I left my childhood home later than most kids do when they “grow up”. Some of my friends had children of their own by the time I moved out. I lived with my family until I was almost 22 years old. I waited until after I graduated college, and even then I probably would not have left had I not gotten the opportunity to move to Utah and live with my friend Bri and her family.
I came home to visit during the holidays and came to the strange realization that I was doing just that: visiting. I would probably never live in this house again (don’t hold me to that statement, mom). I felt like I was living in limbo; I was living somewhere new that didn’t feel like “home” to me yet, and my childhood home was no longer my home (at least in a literal sense).
When I returned to Utah after the holidays, I missed my family even more than I had when I first left home in August. The homesick feeling had finally arrived. Not two weeks after I flew home to Utah, I had to fly back to Oregon because my Grandma Dixie was moved to hospice care. Even though I didn’t make it to Oregon before she passed away, I was able to spend a few days with my family and that was well-worth the trip.
Her death made me question my decision to move away from home because I felt so guilty that I hadn’t spent more time with her during her last few months. But the longer I stewed over that guilt, the more I realized I had actually made more of an effort to stay in touch with her after I moved. I actually called to check in on her instead of relying on updates from other family members. Because we really do make time for the people we care about, even if we are states away.

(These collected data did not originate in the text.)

(* Let $n\ge3$ and consider the scoring two-player Tower of Hanoi game on three pegs with real weights $w_{12},w_{13},w_{23}$, under any of the ending conditions (EC1)–(EC5), played from an arbitrary (non-final) position, where the previous player's move did not move the smallest disk. Then the player to move wins, unless $w_{12}=w_{13}=w_{23}\le0$.
   Context: Tower of Hanoi on three pegs (labeled 1, 2, 3) with $n$ disks of pairwise distinct sizes: a position assigns each disk to a peg, disks on each peg stacked with sizes decreasing from bottom to top. A legal move transfers the top disk of one peg to a different peg that is empty or has a larger top disk; a move from Peg $i$ to Peg $j$ or from Peg $j$ to Peg $i$ is a move along edge $\{i,j\}$. A tower position is one with all disks on one peg. Two-player game: two players alternate moves; a player may not move the disk that the opponent moved in the immediately preceding move (so a position in the two-player game also records the last moved disk). The game starts (ordinarily) with all disks on Peg 1 and ends when the tower has been transferred to a final peg, according to one fixed ending condition: (EC1) all disks on a given peg distinct from Peg 1; (EC2) all disks on Peg 1, the largest disk having been moved at least once; (EC3) all disks on Peg 1, the smallest disk having been moved at least once; (EC4) all disks on any peg, the largest disk having been moved at least once; (EC5) all disks on any peg, the smallest disk having been moved at least once. A move creating a tower position that does not end the game (tower on a non-final peg) is not allowed. Scoring play: real weights $w_{12},w_{13},w_{23}$ are given (with $w_{ij}=w_{ji}$); a player making a move along edge $\{i,j\}$ earns $w_{ij}$ points. When the game ends, the player with strictly more points wins, and equal points is a tie. A player "wins" if she/he has a strategy forcing the game to end with her/his victory. *)

theory Defs
  imports Main "HOL.Real"
begin

text \<open>Disks are numbered 0,...,n-1 by size: disk 0 is the smallest, disk n-1 the largest.
  Pegs are 1, 2, 3. A position assigns a peg to each disk.\<close>

datatype ending = EC1 nat | EC2 | EC3 | EC4 | EC5

record hstate =
  pos :: "nat \<Rightarrow> nat"
  lastd :: "nat option"
  movedL :: bool
  movedS :: bool

definition peg :: "nat \<Rightarrow> bool" where
  "peg i \<longleftrightarrow> i \<in> {1, 2, 3}"

definition tower :: "nat \<Rightarrow> (nat \<Rightarrow> nat) \<Rightarrow> nat \<Rightarrow> bool" where
  "tower n p q \<longleftrightarrow> (\<forall>k<n. p k = q)"

definition valid_ending :: "ending \<Rightarrow> bool" where
  "valid_ending e = (case e of EC1 f \<Rightarrow> f \<in> {2, 3} | _ \<Rightarrow> True)"

definition ends :: "nat \<Rightarrow> ending \<Rightarrow> hstate \<Rightarrow> bool" where
  "ends n e s = (case e of
      EC1 f \<Rightarrow> tower n (pos s) f
    | EC2 \<Rightarrow> tower n (pos s) 1 \<and> movedL s
    | EC3 \<Rightarrow> tower n (pos s) 1 \<and> movedS s
    | EC4 \<Rightarrow> (\<exists>q\<in>{1,2,3}. tower n (pos s) q) \<and> movedL s
    | EC5 \<Rightarrow> (\<exists>q\<in>{1,2,3}. tower n (pos s) q) \<and> movedS s)"
definition hilb_segment :: "nat \<Rightarrow> (monom \<Rightarrow> monom \<Rightarrow> bool) \<Rightarrow> monom set \<Rightarrow> nat \<Rightarrow> bool" where
  "hilb_segment n le J d \<longleftrightarrow> monomial_ideal n J \<and> saturated n J \<and> borel n J \<and>
     hilb_poly_const n J d \<and> segment n le d (J \<inter> terms_deg n d)"

text \<open>Parameters c_{alpha beta} are indexed by pairs (alpha, beta) of terms;
  the coordinate ring is K[c] = 'a cpoly.\<close>
type_synonym 'a cpoly = "((monom \<times> monom) \<Rightarrow>\<^sub>0 nat) \<Rightarrow>\<^sub>0 'a"

definition cvar :: "monom \<times> monom \<Rightarrow> 'a::comm_ring_1 cpoly" where
  "cvar v = Poly_Mapping.single (Poly_Mapping.single v 1) 1"

definition trunc_ideal :: "monom set \<Rightarrow> nat \<Rightarrow> monom set" where
  "trunc_ideal J d = {a\<in>J. tdeg a \<ge> d}"

definition tail_terms :: "nat \<Rightarrow> (monom \<Rightarrow> monom \<Rightarrow> bool) \<Rightarrow> monom set \<Rightarrow> monom \<Rightarrow> monom set" where
  "tail_terms n le J a = {b\<in>terms_deg n (tdeg a). b \<notin> J \<and> tless le b a}"

definition stratum_vars :: "nat \<Rightarrow> (monom \<Rightarrow> monom \<Rightarrow> bool) \<Rightarrow> monom set \<Rightarrow> nat \<Rightarrow> (monom \<times> monom) set" where
  "stratum_vars n le J d = {(a, b). a \<in> mingens (trunc_ideal J d) \<and> b \<in> tail_terms n le J a}"

definition Fpoly :: "nat \<Rightarrow> (monom \<Rightarrow> monom \<Rightarrow> bool) \<Rightarrow> monom set \<Rightarrow> monom \<Rightarrow> 'a::comm_ring_1 cpoly xpoly" where
  "Fpoly n le J a = Poly_Mapping.single a 1 +
     (\<Sum>b\<in>tail_terms n le J a. Poly_Mapping.single b (cvar (a, b)))"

I no longer feel in limbo because my home is with my people, no matter where I live. My home is with my parents, my brothers, my fiancé, my friends, my new coworkers, my old coworkers. I still think of and refer to my family’s dog as my dog (although it can be argued that she only really belongs to my dad, because he is the only reliable caretaker of the Kemper Family Farm Animals).
There will be people that I don’t see for a long time, that I fall out of touch with, and that’s okay. They are doing their own thing and I’m doing mine, and when we get together in one or five or ten years we can pick up right where we left off. There are people, like my mom, that I talk to every day, and when we see each other it’s as if I never left in the first place.
Don’t feel like you have to stay in the same place because it’s home. Your home will follow you wherever you go, and new people will become part of your home along the way.